Jugeons plutôt sur « texte »
Les textes bibliques
- 24.1 La colère de l’Éternel s’enflamma de nouveau contre Israël, et il excita David contre eux, en disant: Va, fais le dénombrement d’Israël et de Juda. (2 Samuel 24,1)
- 21.1 Satan se leva contre Israël, et il excita David à faire le dénombrement d’Israël. (1 Chronique 21,1)
On le voit un même acte dont l’origine est attribuée pour le rédacteur des livres de Samuel à Dieu (l’Eternel) et pour le rédacteur des Chroniques, à Satan. En regardant les dates des récits, on se rend compte que le texte des Chroniques (milieu du IVe siècle avant JC) est d’une part plus récent que celui de Samuel (VIIe-VIe siècle Avant JC) provient d’un milieu ayant été influencé par la culture grec qui, comme on le sait, à un panthéon plus étoffé que celui du peuple d’Israël. C’est en partie pour ces deux raisons que sont attribuées aux divinités des fonctions différentes.
Pour reprendre notre exemple en question, il ne pouvait pas être concevable pour le rédacteurs des Chroniques qui écrit après celui des livres de Samuel, d’imaginer que Dieu puisse influencer l’homme à faire quelque chose de mal…
Reprise – relecture – redéfinition
En clair le rédacteur de la Chronique du roi David « adapte » la compréhension d’un fait dans son environnement propre ; le monde grec (plus manichéen). Le concept d’action, si important à Piaget se trouve, on l’aura compris, dans l’acte d’écrire, de raconter et d’attester l’action de David.

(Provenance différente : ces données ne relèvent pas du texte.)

(* Let $n\ge 5$ and let $G$ be a tree on $n$ vertices with $G\not\cong P_n$. Then $\mathrm{irr}_t(G)\ge 4n-10$. Equality holds if and only if the degree sequence of $G$ is $(3,2,\ldots,2,1,1,1)$, i.e. $G$ has exactly one vertex of degree $3$, exactly $n-4$ vertices of degree $2$ and exactly $3$ vertices of degree $1$.
   Context: For a graph $G=(V,E)$ and $w\in V$, $d_G(w)$ is the degree of $w$. The total irregularity is $\mathrm{irr}_t(G)=\frac12\sum_{x,y\in V}|d_G(x)-d_G(y)|$, where the sum runs over all ordered pairs of vertices. $P_n$ is the path on $n$ vertices. Degree sequences are listed in nonincreasing order. *)

theory Defs
  imports Complex_Main
begin

definition simple_graph :: "'a set \<Rightarrow> 'a set set \<Rightarrow> bool" where
  "simple_graph V E \<longleftrightarrow> finite V \<and> (\<forall>e\<in>E. e \<subseteq> V \<and> card e = 2)"

definition adj :: "'a set set \<Rightarrow> 'a \<Rightarrow> 'a \<Rightarrow> bool" where
  "adj E x y \<longleftrightarrow> {x, y} \<in> E"

definition degree :: "'a set set \<Rightarrow> 'a \<Rightarrow> nat" where
  "degree E v = card {e \<in> E. v \<in> e}"

definition connected_graph :: "'a set \<Rightarrow> 'a set set \<Rightarrow> bool" where
  "connected_graph V E \<longleftrightarrow> (\<forall>x\<in>V. \<forall>y\<in>V. (adj E)\<^sup>*\<^sup>* x y)"
lemma cube_dense_finite_net:
  fixes F :: "(real ^ 'n) set"
  assumes dense: "cube_dense p F" and \<epsilon>: "\<epsilon> > 0"
  shows "\<exists>n v A. finite A \<and> A \<subseteq> F \<inter> triadic_cube n v \<and>
           (\<forall>y\<in>triadic_cube n v. \<exists>x\<in>A. lp_dist p x y \<le> \<epsilon> * cube_side n)"
proof -
  obtain n v where nv: "\<forall>y\<in>triadic_cube n v. \<exists>x\<in>F \<inter> triadic_cube n v. lp_dist p x y \<le> \<epsilon> / 2 * cube_side n"
    using dense \<epsilon> unfolding cube_dense_def by (meson half_gt_zero)
  obtain k :: nat where k: "real CARD('n) / 3 ^ k < \<epsilon> / 2"
    using exists_inverse_power_less[of "\<epsilon> / 2"] \<epsilon> by auto
  define c where "c w = (\<chi> i. cube_side (n + int k) * real_of_int ((3 ^ k *s v + w) $ i))" for w
  have c: "c w \<in> triadic_cube (n + int k) (3 ^ k *s v + w)" for w
    unfolding c_def by (rule triadic_cube_center)
  have "\<forall>w\<in>child_offsets k. \<exists>x. x \<in> F \<inter> triadic_cube n v \<and> lp_dist p x (c w) \<le> \<epsilon> / 2 * cube_side n"
    using nv c triadic_child_subset by blast
  then obtain x where x: "\<forall>w\<in>child_offsets k. x w \<in> F \<inter> triadic_cube n v \<and>
      lp_dist p (x w) (c w) \<le> \<epsilon> / 2 * cube_side n"
    by metis
  have "\<exists>x'\<in>x ` child_offsets k. lp_dist p x' y \<le> \<epsilon> * cube_side n" if y: "y \<in> triadic_cube n v" for y
  proof -
    obtain w where w: "w \<in> child_offsets k" "y \<in> triadic_cube (n + int k) (3 ^ k *s v + w)"
      using triadic_cube_subset_children[OF y] by blast
    have "lp_dist p (c w) y \<le> real CARD('n) * cube_side (n + int k)"
      using lp_dist_le_in_triadic_cube[OF c w(2)] .
    also have "\<dots> = real CARD('n) / 3 ^ k * cube_side n"
      unfolding cube_side_add by simp
    also have "\<dots> \<le> \<epsilon> / 2 * cube_side n"
      using k cube_side_pos[of n] by (intro mult_right_mono) auto
    finally have "lp_dist p (x w) y \<le> \<epsilon> / 2 * cube_side n + \<epsilon> / 2 * cube_side n"
      using lp_dist_triangle[of "x w" y "c w"] x w(1) by fastforce
    then show ?thesis
      using w(1) by auto
  qed
  moreover have "finite (x ` child_offsets k)" "x ` child_offsets k \<subseteq> F \<inter> triadic_cube n v"
    using x finite_child_offsets by auto
  ultimately show ?thesis
    by blast
qed

lemma GH_dist_triadic_cube_le:
  fixes X A :: "(real ^ 'n) set"
  assumes "A \<subseteq> X" "X \<subseteq> triadic_cube n v" "\<epsilon> \<ge> 0"
    and net: "\<forall>y\<in>triadic_cube n v. \<exists>x\<in>A. lp_dist p x y \<le> \<epsilon> * cube_side n"
  shows "GH_dist X (\<lambda>x y. (1 / cube_side n) * lp_dist p x y) (unit_cube :: (real ^ 'n) set) (lp_dist p)
    \<le> ereal \<epsilon>"
proof -
  define d where "d x y = (1 / cube_side n) * lp_dist p x y" for x y :: "real ^ 'n"
  have s: "cube_side n > 0"
    by (rule cube_side_pos)
  have metric: "metric_on UNIV d"
    unfolding d_def using s by (intro metric_on_scaled_lp_dist) simp
  have dY: "lp_dist p y y' = d (cube_param n v y) (cube_param n v y')"
    if "y \<in> unit_cube" "y' \<in> unit_cube" for y y'
    unfolding d_def using s by (simp add: lp_dist_cube_param)
  have inj: "inj_on (cube_param n v) unit_cube"
    using s by (intro inj_onI) (simp add: cube_param_def)
  have close_X: "\<exists>y\<in>unit_cube. d (id x) (cube_param n v y) \<le> \<epsilon>" if "x \<in> X" for x
  proof -
    obtain y where "y \<in> unit_cube" "x = cube_param n v y"
      using \<open>x \<in> X\<close> assms(2) cube_param_image by blast
    then show ?thesis
      using assms(3) by (intro bexI[of _ y]) (auto simp: d_def)
  qed
  have close_Y: "\<exists>x\<in>X. d (id x) (cube_param n v y) \<le> \<epsilon>" if "y \<in> unit_cube" for y
  proof -
    obtain x where "x \<in> A" "lp_dist p x (cube_param n v y) \<le> \<epsilon> * cube_side n"
      using net cube_param_mem[OF \<open>y \<in> unit_cube\<close>] by blast
    then show ?thesis
      using assms(1) s by (auto simp: d_def field_simps)
  qed
  have "GH_dist X d (unit_cube :: (real ^ 'n) set) (lp_dist p) \<le> ereal \<epsilon>"
    by (rule GH_dist_le_via_embeddings[OF metric _ _ inj_on_id inj _ dY assms(3) close_X close_Y]) simp_all
  then show ?thesis
    unfolding d_def .
qed

lemma cube_dense_tangent_cubes:
  fixes F :: "(real ^ 'n) set"
  assumes "cube_dense p F"
  shows "\<exists>n v A. \<forall>i. finite (A i) \<and> A i \<subseteq> F \<inter> triadic_cube (n i) (v i) \<and>
    (\<forall>X. A i \<subseteq> X \<and> X \<subseteq> triadic_cube (n i) (v i) \<longrightarrow>
       GH_dist X (\<lambda>x y. (1 / cube_side (n i)) * lp_dist p x y) (unit_cube :: (real ^ 'n) set) (lp_dist p)
       \<le> ereal (1 / Suc i))"
proof -
  have "\<exists>n v A. finite A \<and> A \<subseteq> F \<inter> triadic_cube n v \<and>
      (\<forall>y\<in>triadic_cube n v. \<exists>x\<in>A. lp_dist p x y \<le> 1 / Suc i * cube_side n)" for i
    by (rule cube_dense_finite_net[OF assms]) simp
  then have "\<forall>i. \<exists>n v A. finite A \<and> A \<subseteq> F \<inter> triadic_cube n v \<and>
      (\<forall>y\<in>triadic_cube n v. \<exists>x\<in>A. lp_dist p x y \<le> 1 / Suc i * cube_side n)"
    by blast
  then obtain n v A where A: "\<And>i. finite (A i) \<and> A i \<subseteq> F \<inter> triadic_cube (n i) (v i) \<and>
      (\<forall>y\<in>triadic_cube (n i) (v i). \<exists>x\<in>A i. lp_dist p x y \<le> 1 / Suc i * cube_side (n i))"
    by metis
  have "GH_dist X (\<lambda>x y. (1 / cube_side (n i)) * lp_dist p x y) (unit_cube :: (real ^ 'n) set) (lp_dist p)
      \<le> ereal (1 / Suc i)" if "A i \<subseteq> X" "X \<subseteq> triadic_cube (n i) (v i)" for i X
    using A[of i] by (intro GH_dist_triadic_cube_le[OF that]) auto
  then show ?thesis
    using A by (intro exI[of _ n] exI[of _ v] exI[of _ A]) blast
qed

end

lemma ereal_tendsto_0_if_le_inverse_Suc:
  fixes f :: "nat \<Rightarrow> ereal"
  assumes "\<And>i. 0 \<le> f i" "\<And>i. f i \<le> ereal (1 / Suc i)"
  shows "f \<longlonglongrightarrow> 0"
proof (rule tendsto_sandwich[OF always_eventually always_eventually tendsto_const])
  show "(\<lambda>i. ereal (1 / Suc i)) \<longlonglongrightarrow> 0"
    using tendsto_ereal[OF LIMSEQ_inverse_real_of_nat] by (simp add: zero_ereal_def inverse_eq_divide)
qed (use assms in auto)

context lp_exponent
begin

lemma in_tpc_if_cube_dense:
  fixes F :: "(real ^ 'n) set"
  assumes "cube_dense p F"
  shows "in_tpc p F"
proof -
  obtain n v A where seq: "\<forall>i. finite (A i) \<and> A i \<subseteq> F \<inter> triadic_cube (n i) (v i) \<and>
    (\<forall>X. A i \<subseteq> X \<and> X \<subseteq> triadic_cube (n i) (v i) \<longrightarrow>
       GH_dist X (\<lambda>x y. (1 / cube_side (n i)) * lp_dist p x y) (unit_cube :: (real ^ 'n) set) (lp_dist p)
       \<le> ereal (1 / Suc i))"
    using cube_dense_tangent_cubes[OF assms] by blast
  then have A: "finite (A i) \<and> A i \<subseteq> F \<inter> triadic_cube (n i) (v i)"
    and GH: "A i \<subseteq> X \<Longrightarrow> X \<subseteq> triadic_cube (n i) (v i) \<Longrightarrow>
       GH_dist X (\<lambda>x y. (1 / cube_side (n i)) * lp_dist p x y) (unit_cube :: (real ^ 'n) set) (lp_dist p)
       \<le> ereal (1 / Suc i)" for i X
    by blast+
  have "GH_dist (triadic_cube (n i) (v i) \<inter> F) (\<lambda>x y. (1 / cube_side (n i)) * lp_dist p x y)
      (unit_cube :: (real ^ 'n) set) (lp_dist p) \<le> ereal (1 / Suc i)" for i
    by (rule GH) (use A in auto)
  then have "(\<lambda>i. GH_dist (triadic_cube (n i) (v i) \<inter> F) (\<lambda>x y. (1 / cube_side (n i)) * lp_dist p x y)
      (unit_cube :: (real ^ 'n) set) (lp_dist p)) \<longlonglongrightarrow> 0"
    by (rule ereal_tendsto_0_if_le_inverse_Suc[OF GH_dist_nonneg])
  then show ?thesis
    unfolding in_tpc_def using cube_side_pos
    by (intro exI[of _ n] exI[of _ v] exI[of _ "\<lambda>i. 1 / cube_side (n i)"]) simp
qed
lemma pmf_map_Cons: "pmf (map_pmf (Cons b) M) (c # fs) = (if b = c then pmf M fs else 0)"
proof (cases "b = c")
  case True
  then show ?thesis by (simp add: pmf_map_inj' inj_def)
next
  case False
  then have "c # fs \<notin> set_pmf (map_pmf (Cons b) M)" by auto
  then show ?thesis using False by (simp add: set_pmf_eq)
qed

lemma pmf_flips:
  assumes "0 \<le> p" "p \<le> 1"
  shows "pmf (flips m p) f = (if length f = m then (\<Prod>i<m. if f ! i then p else 1 - p) else 0)"
proof (induction m arbitrary: f)
  case 0
  then show ?case by (cases f) auto
next
  case (Suc m)
  show ?case
  proof (cases f)
    case Nil
    then have "f \<notin> set_pmf (flips (Suc m) p)" using set_pmf_flips[of "Suc m" p] by auto
    then show ?thesis using Nil by (simp add: set_pmf_eq)
  next
    case (Cons c fs)
    have "pmf (flips (Suc m) p) f = (if c then p else 1 - p) * pmf (flips m p) fs"
      using assms by (simp add: Cons pmf_bind pmf_map_Cons)
    moreover have "(\<Prod>i<Suc m. if (c # fs) ! i then p else 1 - p)
        = (if c then p else 1 - p) * (\<Prod>i<m. if fs ! i then p else 1 - p)"
      by (subst prod.lessThan_Suc_shift) simp
    ultimately show ?thesis using Suc[of fs] by (simp add: Cons)
  qed
qed

definition single_flip :: "nat \<Rightarrow> nat \<Rightarrow> bool list" where
  "single_flip n j = (replicate n False)[j := True]"

lemma pmf_flips_single_flip:
  assumes "0 \<le> p" "p \<le> 1" "j < n"
  shows "pmf (flips n p) (single_flip n j) = p * (1 - p) ^ (n - 1)"
proof -
  have "(\<Prod>i<n. if single_flip n j ! i then p else 1 - p) = (\<Prod>i<n. if i = j then p else 1 - p)"
    using assms by (intro prod.cong) (auto simp: single_flip_def)
  also have "\<dots> = p * (\<Prod>i\<in>{..<n} - {j}. 1 - p)"
    using assms by (subst prod.remove[of _ j]) auto
  also have "\<dots> = p * (1 - p) ^ (n - 1)"
    using assms by simp
  finally show ?thesis
    using assms by (simp add: pmf_flips single_flip_def)
qed

lemma onemax_eq_card: "onemax x = card {i. i < length x \<and> x ! i}"
  unfolding onemax_def by (simp add: length_filter_conv_card)

lemma onemax_le_length: "onemax x \<le> length x"
  by (simp add: onemax_def)

lemma dist_opt_eq_card: "dist_opt x = card {i. i < length x \<and> \<not> x ! i}"
proof -
  have "length (filter id x) + length (filter (\<lambda>b. \<not> id b) x) = length x"
    by (rule sum_length_filter_compl)
  then show ?thesis
    unfolding dist_opt_def onemax_def by (simp add: length_filter_conv_card)
qed

lemma onemax_single_flip:
  assumes "j < length x" "\<not> x ! j"
  shows "onemax (map2 (\<noteq>) x (single_flip (length x) j)) = Suc (onemax x)"
proof -
  have flipped: "map2 (\<noteq>) x (single_flip (length x) j) = x[j := True]"
    using assms by (intro nth_equalityI) (auto simp: single_flip_def nth_list_update)
  have "{i. i < length (x[j := True]) \<and> x[j := True] ! i} = insert j {i. i < length x \<and> x ! i}"
    using assms by (auto simp: nth_list_update)
  then show ?thesis
    using assms unfolding flipped onemax_eq_card by simp
qed

definition single_flip_prob :: "nat \<Rightarrow> real" where
  "single_flip_prob n = 1 / real n * (1 - 1 / real n) ^ (n - 1)"

lemma prob_mutate_improves:
  "real (dist_opt x) * single_flip_prob (length x)
     \<le> measure_pmf.prob (mutate x) {y. onemax x < onemax y}"
proof -
  define n where "n = length x"
  define p where "p = 1 / real n"
  define Z where "Z = {j. j < n \<and> \<not> x ! j}"
  define M where "M = flips n p"
  have p: "0 \<le> p" "p \<le> 1"
    by (cases "n = 0") (auto simp: p_def divide_le_eq_1)
  have "inj_on (single_flip n) Z"
  proof
    fix i j assume "i \<in> Z" "j \<in> Z" "single_flip n i = single_flip n j"
    then have "single_flip n i ! i = single_flip n j ! i" by simp
    with \<open>i \<in> Z\<close> \<open>j \<in> Z\<close> show "i = j"
      by (auto simp: Z_def single_flip_def nth_list_update split: if_splits)
  qed
  then have "measure_pmf.prob M (single_flip n ` Z) = (\<Sum>j\<in>Z. pmf M (single_flip n j))"
    by (simp add: measure_measure_pmf_finite sum.reindex Z_def)
  also have "\<dots> = real (dist_opt x) * single_flip_prob n"
    using p by (simp add: M_def Z_def pmf_flips_single_flip dist_opt_eq_card n_def p_def
        single_flip_prob_def)
  finally have "real (dist_opt x) * single_flip_prob n = measure_pmf.prob M (single_flip n ` Z)" ..
  also have "\<dots> \<le> measure_pmf.prob M ((\<lambda>f. map2 (\<noteq>) x f) -` {y. onemax x < onemax y})"
    using onemax_single_flip by (intro measure_pmf.finite_measure_mono) (auto simp: Z_def n_def)
  finally show ?thesis
    by (simp add: mutate_def measure_map_pmf M_def n_def p_def)
qed

lemma single_flip_prob_nonneg: "0 \<le> single_flip_prob n"
  by (cases "n = 0") (auto simp: single_flip_prob_def)

lemma single_flip_prob_ge:
  assumes "1 \<le> n"
  shows "1 / (exp 1 * real n) \<le> single_flip_prob n"
proof -
  have "(1 - 1 / real n) ^ (n - 1) \<ge> inverse (exp 1)"
  proof (cases "n = 1")
    case False
    define m where "m = n - 1"
    have "0 < m" and "real n = real m + 1"
      using assms False by (auto simp: m_def)
    then have "(1 - 1 / real n) ^ (n - 1) = inverse ((1 + 1 / real m) ^ m)"
      by (simp add: m_def field_simps power_inverse)
    moreover have "(1 + 1 / real m) ^ m \<le> exp 1"
      using \<open>0 < m\<close> exp_ge_one_plus_x_over_n_power_n[of m 1] by simp
    moreover have "0 < (1 + 1 / real m) ^ m"
      by (simp add: add_pos_nonneg)
    ultimately show ?thesis
      by (simp add: le_imp_inverse_le)
  qed (simp add: inverse_le_1_iff)
  then show ?thesis
    using assms by (simp add: single_flip_prob_def field_simps)
qed

lemma single_flip_prob_le:
  assumes "d \<le> n"
  shows "real d * single_flip_prob n \<le> 1"
proof (cases "n = 0")
  case False
  have "(1 - 1 / real n) ^ (n - 1) \<le> 1"
    using False by (intro power_le_one) auto
  then have "single_flip_prob n \<le> 1 / real n"
    by (simp add: single_flip_prob_def divide_right_mono)
  then have "real d * single_flip_prob n \<le> real n * (1 / real n)"
    using assms single_flip_prob_nonneg by (intro mult_mono) auto
  then show ?thesis
    using False by simp
qed (use assms in simp)

text \<open>The expected time spent at distance d, starting with c failures, if every iteration
  improved with probability exactly d \<cdot> single_flip_prob n: a geometric series truncated after
  the k - c iterations left before the switch.\<close>

definition level_time :: "nat \<Rightarrow> nat \<Rightarrow> nat \<Rightarrow> nat \<Rightarrow> real" where
  "level_time k n d c = (\<Sum>j<k - c. (1 - real d * single_flip_prob n) ^ j)"

fun potential :: "nat \<Rightarrow> bool list \<times> nat \<Rightarrow> real" where
  "potential k (x, c) = (if dist_opt x = 0 then 0 else
     (\<Sum>i\<in>{1..<dist_opt x}. level_time k (length x) i 0) + level_time k (length x) (dist_opt x) c)"
subsection \<open>The Einstein factor in an affine chart\<close>

lemma einstein_factor_gradient_relation:
  fixes g :: "real^'n \<Rightarrow> real^'n^'n" and H :: "'n \<Rightarrow> real^'n \<Rightarrow> real" and Q :: "real^'n \<Rightarrow> real"
  assumes B: "open B" "z \<in> B"
    and g: "\<And>i j. Ck 1 B (\<lambda>y. g y $ i $ j)"
    and kahler: "pd k (\<lambda>y. g y $ i $ j) z = pd i (\<lambda>y. g y $ k $ j) z"
    and H: "Ck 2 B (H j)"
    and Q: "\<And>y. y \<in> B \<Longrightarrow> Q differentiable (at y)"
    and einstein: "\<And>y i. y \<in> B \<Longrightarrow> pd i (H j) y = Q y * g y $ i $ j"
  shows "pd k Q z * g z $ i $ j = pd i Q z * g z $ k $ j"
proof -
  have dg: "(\<lambda>y. g y $ l $ j) differentiable (at z)" for l
    using g B by (intro Ck_imp_differentiable_at[of 0]) simp_all
  have d2H: "pd l (pd m (H j)) z = pd l (\<lambda>y. Q y * g y $ m $ j) z" for l m
    using pd_cong_open[OF B, of "pd m (H j)" "\<lambda>y. Q y * g y $ m $ j"] einstein by blast
  have "pd k (pd i (H j)) z = pd i (pd k (H j)) z"
    by (rule pd_commute[OF B H])
  then have "pd k (\<lambda>y. Q y * g y $ i $ j) z = pd i (\<lambda>y. Q y * g y $ k $ j) z"
    by (simp only: d2H)
  then show ?thesis
    using kahler by (simp add: pd_mult[OF Q[OF B(2)] dg])
qed

lemma nonsingular_matrix_entry_nonzero_near:
  fixes g :: "real^'n \<Rightarrow> real^'m::finite^'m"
  assumes U: "open U" "y0 \<in> U" and "det (g y0) \<noteq> 0"
    and cont: "\<And>i j. continuous_on U (\<lambda>y. g y $ i $ j)"
  obtains r a b where "r > 0" "ball y0 r \<subseteq> U" "\<And>y. y \<in> ball y0 r \<Longrightarrow> g y $ a $ b \<noteq> 0"
proof -
  obtain a b where ab: "g y0 $ a $ b \<noteq> 0"
  proof -
    fix a :: 'm
    have "row a (g y0) \<noteq> 0"
      using assms(3) det_zero_row(2) by blast
    then show ?thesis
      using that by (auto simp: row_def vec_eq_iff)
  qed
  obtain r1 where r1: "r1 > 0" "\<forall>y\<in>U. dist y0 y < r1 \<longrightarrow> g y $ a $ b \<noteq> 0"
    using continuous_on_avoid[of U "\<lambda>y. g y $ a $ b" y0 0] cont U(2) ab by blast
  obtain r2 where r2: "r2 > 0" "ball y0 r2 \<subseteq> U"
    using U open_contains_ball by blast
  have ball: "ball y0 (min r1 r2) \<subseteq> U"
    using subset_ball[OF min.cobounded2] r2(2) by (rule order_trans)
  show ?thesis
  proof (rule that[of "min r1 r2" a b])
    show "min r1 r2 > 0" using r1(1) r2(1) by simp
    show "g y $ a $ b \<noteq> 0" if y: "y \<in> ball y0 (min r1 r2)" for y
    proof -
      have "y \<in> U" using ball y by blast
      then show ?thesis using r1(2) y by simp
    qed
  qed (rule ball)
qed

text \<open>\<open>F\<close> need not be differentiable; near \<open>y0\<close> it coincides with the differentiable quotient
  \<open>d\<^sub>a H\<^sub>b / g\<^sub>a\<^sub>b\<close>, whose gradient vanishes.\<close>

lemma einstein_factor_locally_constant:
  fixes g :: "real^'n \<Rightarrow> real^'n^'n" and H :: "'n \<Rightarrow> real^'n \<Rightarrow> real" and F :: "real^'n \<Rightarrow> real"
  assumes U: "open U" "y0 \<in> U" and dim: "CARD('n) \<ge> 2"
    and det: "\<And>y. y \<in> U \<Longrightarrow> det (g y) \<noteq> 0"
    and g: "\<And>i j. Ck 1 U (\<lambda>y. g y $ i $ j)"
    and kahler: "\<And>y i j k. y \<in> U \<Longrightarrow> pd i (\<lambda>z. g z $ j $ k) y = pd j (\<lambda>z. g z $ i $ k) y"
    and H: "\<And>j. Ck 2 U (H j)"
    and einstein: "\<And>y i j. y \<in> U \<Longrightarrow> pd i (H j) y = F y * g y $ i $ j"
  shows "\<exists>r>0. ball y0 r \<subseteq> U \<and> (\<forall>y\<in>ball y0 r. F y = F y0)"
proof -
  have "continuous_on U (\<lambda>y. g y $ i $ j)" for i j
    using Ck_mono[OF g, of 0] by simp
  then obtain a b r where r: "r > 0" "ball y0 r \<subseteq> U"
    and gab: "\<And>y. y \<in> ball y0 r \<Longrightarrow> g y $ a $ b \<noteq> 0"
    using nonsingular_matrix_entry_nonzero_near[of U y0 g, OF U det[OF U(2)]] by metis
  define B where "B = ball y0 r"
  have B: "open B" "B \<subseteq> U" "y0 \<in> B" using r by (simp_all add: B_def)
  define Q where "Q y = pd a (H b) y / g y $ a $ b" for y
  have FQ: "F y = Q y" if "y \<in> B" for y
    using einstein[of y a b] B(2) that gab[of y] by (auto simp: Q_def B_def)
  have Q_diff: "Q differentiable (at y)" if "y \<in> B" for y
  proof -
    have "pd a (H b) differentiable (at y)" "(\<lambda>y. g y $ a $ b) differentiable (at y)"
      using H[of b] g[of a b] U(1) B(2) that
      by (auto simp: numeral_2_eq_2 differentiable_on_eq_differentiable_at)
    then show ?thesis
      unfolding Q_def[abs_def] using gab[of y] that by (simp add: B_def)
  qed
  have pdQ: "pd k Q y = 0" if "y \<in> B" for k y
  proof (rule tensor_product_swap_symmetric_imp_zero[OF dim det])
    show "y \<in> U" using B(2) that by blast
    show "pd k Q y * g y $ i $ j = pd i Q y * g y $ k $ j" for i j k
    proof (rule einstein_factor_gradient_relation[OF B(1) that _ _ _ Q_diff])
      show "Ck 1 B (\<lambda>y. g y $ i $ j)" for i j using Ck_subset[OF g B(2)] .
      show "Ck 2 B (H j)" using Ck_subset[OF H B(2)] .
      show "pd k (\<lambda>y. g y $ i $ j) y = pd i (\<lambda>y. g y $ k $ j) y"
        using kahler B(2) that by blast
      show "pd i (H j) z = Q z * g z $ i $ j" if "z \<in> B" for z i
        using einstein[of z i j] FQ[OF that] B(2) that by auto
    qed
  qed
  have "F y = F y0" if "y \<in> B" for y
    using pd_zero_imp_constant[OF B(1) _ Q_diff pdQ that B(3)] FQ[OF that] FQ[OF B(3)]
    by (simp add: B_def)
  with r show ?thesis
    unfolding B_def by blast
qed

D’un point de vue pédagogique, on peut prendre ces deux façons de connaître Dieu comme deux stades différents de la propre évolution de sa pensée sans, et je le souligne encore, qu’on dresse une hiérarchisation entre ces deux stades ou qu’on « se plaque » sur l’ordre qui nous est donné par la chronologie biblique. Qu’on ait pu avoir une idée de Dieu et un jour et une autre un autre jour ne doit pas nous faire dire que ce que nous pensions avant était moins valable que ce que nous croyons maintenant.
Du point de vue théologique, nos images de Dieu ou celles de Jésus peuvent être interpellées, nous seulement parce qu’on sait qu’elles évoluent mais aussi parce qu’une telle démarche peut nous conduire à avoir un regard sa manière de croire :
- Quelles étaient nos manières de croire, de penser Dieu ?
- Qu’est-ce qui a fait que ces dernières ont changé ?
- Quel fut notre cheminement et surtout de quoi sommes-nous partis pour arriver à ce que nous croyons à présent ?
Ainsi, pour conclure, si Piaget peut nous aider à comprendre deux stades du croire, ce qui en soit n’est pas inintéressant, il nous invite aussi à questionner notre démarche de compréhension de Dieu et les causes qui ont fait que nous sommes passés d’une compréhension à une autre.